What a heartwarming story:
Joan Isherwood, from Warrington, Cheshire, said she felt as though her life had been destroyed after a car accident on holiday left her two sons dead.
She is shown in a BBC documentary to be broadcast tonight meeting Sylvia Barr for the first time, whose egg donation 19 years ago made it possible for her to give birth to twins Jonathan and Katherine. The donation was made before a change in the law came into force in 2005 removing the right to remain anonymous for people donating eggs and sperm.
”We were told it was a totally anonymous decision and as far as I was concerned that was the end of it,” Mrs Isherwood told BBC Breakfast. ”But I often used to wonder because not only did Sylvia help to create the twins but she actually gave me my life back because I felt as though my life had been destroyed.” She added: ”I was so grateful to be given the chance to create a second family that had I met Sylvia on the day she donated the eggs I would have been absolutely thrilled.”
Ms Barr, of Brockham, Surrey, one of the UK’s first anonymous egg donors, said she had discovered the identity of her recipient ”early on” and had been keen to get in contact with the family. She had done so after ”tactful and sensitive” help from the charity UK DonorLink, she said.
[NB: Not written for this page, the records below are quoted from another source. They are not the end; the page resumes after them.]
(* Let $H$ be a real Hilbert space with inner product $\langle\cdot,\cdot\rangle$, let $\mathcal{I}$ be a finite index set, and let $J, g_i : H\to\mathbb{R}$ ($i\in\mathcal{I}$) be $\mathcal{C}^1$ functions. Consider the problem of minimizing $J(u)$ subject to $g_i(u)\le 0$ for all $i\in\mathcal{I}$, with feasible set $\Omega=\{u\in H: g_i(u)\le 0\ \forall i\in\mathcal{I}\}$. Assume that for every $u\in\Omega$ with $I_A(u)\neq\emptyset$ the vectors $\{g_i'(u): i\in I_A(u)\}$ are linearly independent. Then a point $u\in\Omega$ is a KKT point of this problem if and only if $d_A(u)=0$.
   Context: $J'(u)$ and $g_i'(u)$ denote gradients (elements of $H$). For $u\in\Omega$, the active index set is $I_A(u)=\{i\in\mathcal{I}: g_i(u)=0\}$, and $C_A(u)=\{\sum_{i\in I_A(u)} a_i g_i'(u): a_i\ge 0\}$ is the polyhedral cone generated by the active gradients ($C_A(u)=\{0\}$ if $I_A(u)=\emptyset$). For a closed convex set $C\subset H$, $\mathbb{P}_C(v)$ denotes the metric projection of $v$ onto $C$. The correctable steepest descent direction is $d_A(u)=-J'(u)-\mathbb{P}_{C_A(u)}(-J'(u))$. A point $u\in\Omega$ is a KKT point if there exist $\mu_i\ge 0$ ($i\in\mathcal{I}$) with $-J'(u)=\sum_{i\in\mathcal{I}}\mu_i g_i'(u)$ and $\mu_i g_i(u)=0$ for all $i\in\mathcal{I}$. *)

theory Defs
  imports "HOL-Analysis.Analysis"
begin

text \<open>A real Hilbert space is modelled by a type of class real_inner and complete_space.\<close>

definition C1_grad :: "('a::real_inner \<Rightarrow> real) \<Rightarrow> ('a \<Rightarrow> 'a) \<Rightarrow> bool" where
  "C1_grad f f' \<longleftrightarrow> (\<forall>u. (f has_derivative (\<lambda>h. f' u \<bullet> h)) (at u)) \<and> continuous_on UNIV f'"

definition proj :: "'a::real_inner set \<Rightarrow> 'a \<Rightarrow> 'a" where
  "proj C v = (THE p. p \<in> C \<and> (\<forall>c\<in>C. norm (v - p) \<le> norm (v - c)))"

definition feasible :: "'i set \<Rightarrow> ('i \<Rightarrow> 'a \<Rightarrow> real) \<Rightarrow> 'a set" where
  "feasible I g = {u. \<forall>i\<in>I. g i u \<le> 0}"

definition active :: "'i set \<Rightarrow> ('i \<Rightarrow> 'a \<Rightarrow> real) \<Rightarrow> 'a \<Rightarrow> 'i set" where
  "active I g u = {i\<in>I. g i u = 0}"

definition active_cone :: "'i set \<Rightarrow> ('i \<Rightarrow> 'a \<Rightarrow> real) \<Rightarrow> ('i \<Rightarrow> 'a \<Rightarrow> 'a::real_vector) \<Rightarrow> 'a \<Rightarrow> 'a set" where
  "active_cone I g g' u =
     {(\<Sum>i\<in>active I g u. a i *\<^sub>R g' i u) | a. \<forall>i\<in>active I g u. a i \<ge> 0}"

definition dA :: "'i set \<Rightarrow> ('a \<Rightarrow> 'a) \<Rightarrow> ('i \<Rightarrow> 'a \<Rightarrow> real) \<Rightarrow> ('i \<Rightarrow> 'a \<Rightarrow> 'a::real_inner) \<Rightarrow> 'a \<Rightarrow> 'a" where
  "dA I J' g g' u = - J' u - proj (active_cone I g g' u) (- J' u)"

definition KKT_point :: "'i set \<Rightarrow> ('a \<Rightarrow> 'a) \<Rightarrow> ('i \<Rightarrow> 'a \<Rightarrow> real) \<Rightarrow> ('i \<Rightarrow> 'a \<Rightarrow> 'a::real_vector) \<Rightarrow> 'a \<Rightarrow> bool" where
  "KKT_point I J' g g' u \<longleftrightarrow> u \<in> feasible I g \<and>
     (\<exists>\<mu>. (\<forall>i\<in>I. \<mu> i \<ge> 0) \<and> - J' u = (\<Sum>i\<in>I. \<mu> i *\<^sub>R g' i u) \<and> (\<forall>i\<in>I. \<mu> i * g i u = 0))"

end

theory Submission imports Defs begin

text \<open>A KKT multiplier must vanish on the inactive constraints, so u is a KKT point exactly when
  \<open>-J'(u)\<close> lies in the cone \<open>C_A(u)\<close>. Since \<open>d_A(u) = 0\<close> says that \<open>-J'(u)\<close> is its own projection
  onto \<open>C_A(u)\<close>, it remains to see that this projection is well defined, i.e. that every point
  has a unique nearest point in the cone. Uniqueness is the parallelogram law for the convex cone.
  Existence uses the linear independence of the active gradients: it gives
  \<open>c \<Sum> |a\<^sub>i| \<le> \<parallel>\<Sum> a\<^sub>i g\<^sub>i'(u)\<parallel>\<close> for some \<open>c > 0\<close>, so any candidate nearer to v than 0 has
  bounded coefficients, and the search reduces to the continuous image of a compact box.\<close>

definition generated_cone :: "'i set \<Rightarrow> ('i \<Rightarrow> 'a::real_vector) \<Rightarrow> 'a set" where
  "generated_cone A w = {(\<Sum>i\<in>A. a i *\<^sub>R w i) | a. \<forall>i\<in>A. a i \<ge> 0}"

lemma active_cone_eq_generated_cone:
  "active_cone I g g' u = generated_cone (active I g u) (\<lambda>i. g' i u)"
  by (simp add: active_cone_def generated_cone_def)

lemma convex_generated_cone: "convex (generated_cone A w)"
proof (rule convexI)
  fix x y and s t :: real
  assume "x \<in> generated_cone A w" "y \<in> generated_cone A w" "0 \<le> s" "0 \<le> t"
  then obtain a b where "x = (\<Sum>i\<in>A. a i *\<^sub>R w i)" "\<forall>i\<in>A. a i \<ge> 0"
      and "y = (\<Sum>i\<in>A. b i *\<^sub>R w i)" "\<forall>i\<in>A. b i \<ge> 0"
    by (auto simp: generated_cone_def)
  then have "s *\<^sub>R x + t *\<^sub>R y = (\<Sum>i\<in>A. (s * a i + t * b i) *\<^sub>R w i)"
      and "\<forall>i\<in>A. s * a i + t * b i \<ge> 0"
    using \<open>0 \<le> s\<close> \<open>0 \<le> t\<close>
    by (simp_all add: scaleR_sum_right sum.distrib[symmetric] scaleR_add_left)
  then show "s *\<^sub>R x + t *\<^sub>R y \<in> generated_cone A w"
    unfolding generated_cone_def by (intro CollectI exI[of _ "\<lambda>i. s * a i + t * b i"]) simp
qed

lemma compact_Pi_UNIV:
  fixes K :: "'i \<Rightarrow> real set"
  assumes "\<And>i. compact (K i)"
  shows "compact (Pi UNIV K)"
proof -
  have "compactin (product_topology (\<lambda>_. euclidean) UNIV) (PiE UNIV K)"
    using assms by (simp add: compactin_PiE)
  then show ?thesis by (simp add: euclidean_product_topology PiE_UNIV_domain)
qed

lemma independent_image_sum_eq_0:
  assumes "finite A" "inj_on w A" "independent (w ` A)"
    and "(\<Sum>i\<in>A. a i *\<^sub>R w i) = 0" "i \<in> A"
  shows "a i = 0"
proof -
  define b where "b = (\<lambda>x. a (the_inv_into A w x))"
  have "(\<Sum>x\<in>w ` A. b x *\<^sub>R x) = (\<Sum>i\<in>A. a i *\<^sub>R w i)"
    using \<open>inj_on w A\<close> by (simp add: sum.reindex b_def the_inv_into_f_f)
  then have "b (w i) = 0"
    using assms by (intro real_vector.independentD[of "w ` A" "w ` A" b]) auto
  then show ?thesis
    using assms by (simp add: b_def the_inv_into_f_f)
qed

text \<open>The constant is the minimum of \<open>\<parallel>\<Sum> a\<^sub>i w\<^sub>i\<parallel>\<close> over the compact set \<open>\<Sum> |a\<^sub>i| = 1\<close>;
  the general case follows by homogeneity.\<close>

lemma independent_coeff_norm_bound:
  fixes w :: "'i \<Rightarrow> 'a::real_normed_vector"
  assumes fin: "finite A" and inj: "inj_on w A" and ind: "independent (w ` A)"
  obtains c where "c > 0" "\<And>a. c * (\<Sum>i\<in>A. \<bar>a i\<bar>) \<le> norm (\<Sum>i\<in>A. a i *\<^sub>R w i)"
proof (cases "A = {}")
  case True
  then show ?thesis by (intro that[of 1]) auto
next
  case False
  define N where "N = (\<lambda>a. norm (\<Sum>i\<in>A. a i *\<^sub>R w i))"
  define S :: "('i \<Rightarrow> real) set"
    where "S = Pi UNIV (\<lambda>i. if i \<in> A then {-1..1} else {0}) \<inter> {a. (\<Sum>i\<in>A. \<bar>a i\<bar>) = 1}"
  have "compact S"
    unfolding S_def
    by (intro compact_Int_closed compact_Pi_UNIV closed_Collect_eq continuous_intros
        continuous_on_product_coordinates) auto
  moreover obtain i0 where "i0 \<in> A" using False by auto
  then have "(\<lambda>i. if i = i0 then 1 else 0) \<in> S"
    using fin by (auto simp: S_def if_distrib cong: if_cong)
  then have "S \<noteq> {}" by auto
  moreover have "continuous_on S N"
    unfolding N_def
    by (intro continuous_intros continuous_on_subset[OF continuous_on_product_coordinates]) auto
  ultimately obtain a0 where a0: "a0 \<in> S" and min: "\<And>b. b \<in> S \<Longrightarrow> N a0 \<le> N b"
    using continuous_attains_inf[of S N] by blast
  have "N a0 > 0"
  proof (rule ccontr)
    assume "\<not> N a0 > 0"
    then have "a0 i = 0" if "i \<in> A" for i
      using independent_image_sum_eq_0[OF fin inj ind _ that] by (simp add: N_def)
    with a0 show False by (simp add: S_def)
  qed
  moreover have "N a0 * (\<Sum>i\<in>A. \<bar>a i\<bar>) \<le> N a" for a
  proof (cases "(\<Sum>i\<in>A. \<bar>a i\<bar>) = 0")
    case False
    define s where "s = (\<Sum>i\<in>A. \<bar>a i\<bar>)"
    have "s > 0" using False by (simp add: s_def sum_nonneg order_le_neq_trans)
    define b where "b = (\<lambda>i. if i \<in> A then a i / s else 0)"
    have sum_b: "(\<Sum>i\<in>A. \<bar>b i\<bar>) = 1"
      using \<open>s > 0\<close> by (simp add: b_def s_def sum_divide_distrib[symmetric])
    have "\<bar>b i\<bar> \<le> 1" if "i \<in> A" for i
      using member_le_sum[of i A "\<lambda>i. \<bar>b i\<bar>"] that fin sum_b by auto
    then have "b \<in> S" using sum_b by (auto simp: S_def abs_le_iff) (simp add: b_def)
    moreover have "(\<Sum>i\<in>A. b i *\<^sub>R w i) = (1 / s) *\<^sub>R (\<Sum>i\<in>A. a i *\<^sub>R w i)"
      by (simp add: b_def scaleR_sum_right)
    then have "N b = N a / s" using \<open>s > 0\<close> by (simp add: N_def)
    ultimately have "N a0 \<le> N a / s" using min by metis
    then show ?thesis using \<open>s > 0\<close> by (simp add: s_def[symmetric] field_simps)
  qed (simp add: N_def)
  ultimately show ?thesis using that unfolding N_def by blast
qed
She told the programme that there had been a ”stark decrease” in the number of egg and sperm donors coming forward since the law giving anonymity to donors was lifted.
”I would say that it is evident from our experience that it can work and you can have a relationship and that people do not need to be threatened by it,” she said. ”There is a connection there, it is undeniable and I do not see anything wrong with it, everybody has their own opinion, but I feel it has been good, it has been a positive for all of us. ”It has got to have been positive for the twins to know that missing piece of their jigsaw.”